Sacrifice is another word that gets thrown around a lot. But not a lot of us really stop to think about what it means. Just last week I read a book by Michelle Black, called Sacrifice, that defines it perfectly.

Michelle's husband, Bryan, was a Green Beret stationed at Fort Bragg. On October 4, 2017, Bryan and his team were ambushed by a large terrorist force near the village of Tongo Tongo in Niger.

Bryan Black, Dustin Wright, LaDavid Johnson, and Jeremiah Johnson were killed that day.

I have worn each of their names on a black metal bracelet on my wrist every day since their surviving team members honored me with it in 2017. It is a constant reminder of their sacrifice, and the sacrifice of their families.

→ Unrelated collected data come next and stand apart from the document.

lemma cis_2pi_frac_eq_1_imp_dvd:
  assumes "M > 0" "cis (2 * pi * real_of_int y / real M) = 1"
  shows "int M dvd y"
proof -
  have "cos (2 * pi * real_of_int y / real M) = 1" using assms(2) by (simp add: complex_eq_iff)
  then obtain t :: int where "2 * pi * real_of_int y / real M = real_of_int t * 2 * pi"
    by (subst (asm) cos_one_2pi_int) blast
  then have "real_of_int y = real_of_int (t * int M)" using assms(1) by (simp add: field_simps)
  then show ?thesis by (simp only: of_int_eq_iff) simp
qed

lemma cis_2pi_frac_mod:
  assumes "M > 0" "y mod int M = y' mod int M"
  shows "cis (2 * pi * real_of_int y / real M) = cis (2 * pi * real_of_int y' / real M)"
proof -
  obtain t where t: "y = y' + int M * t" using assms(2) by (metis mod_eqE)
  have "cis (2 * pi * real_of_int y / real M)
      = cis (2 * pi * real_of_int y' / real M) * cis (2 * pi * real_of_int t)"
    using assms(1) by (simp add: cis_mult t field_simps)
  then show ?thesis by simp
qed

lemma cis_2pi_frac_power:
  assumes "p > 0" "k \<le> N"
  shows "cis (2 * pi * real c / real (p ^ k)) = cis (2 * pi / real (p ^ N)) ^ (c * p ^ (N - k))"
proof -
  have "real (p ^ N) = real (p ^ k) * real (p ^ (N - k))"
    using assms(2) by (simp add: power_add[symmetric])
  then show ?thesis using assms(1) by (simp add: DeMoivre field_simps)
qed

Here's how Bryan's Gold Star widow defines sacrifice:

"When we use the word sacrifice, we often imagine one act. Really, sacrifice is a way of life. Sacrifice goes on and on once you've committed to it. We began sacrificing the day Bryan signed on to the Army and left me alone with two babies while he went to boot camp. That is when sacrifice begins for all military families.
---
Each year, there were sacrifices made with the understanding that one day our family might have to make the ultimate sacrifice.
---
Sacrifice does not even end when your husband's life does. For my sons, they have lost the father who would teach them how to throw and catch a ball, tie a tie, be a good sport, time a good joke, catch a fish, talk to a girl they like.
---
The sacrifice made by the men and women protecting our freedom plays out over generations. Their husbands, their wives, their children, their grandchildren. Their mothers, their fathers, their brothers, their sisters. It also plays out in the lives of those who stood beside them in battle and had to carry the news and the scars back home with them."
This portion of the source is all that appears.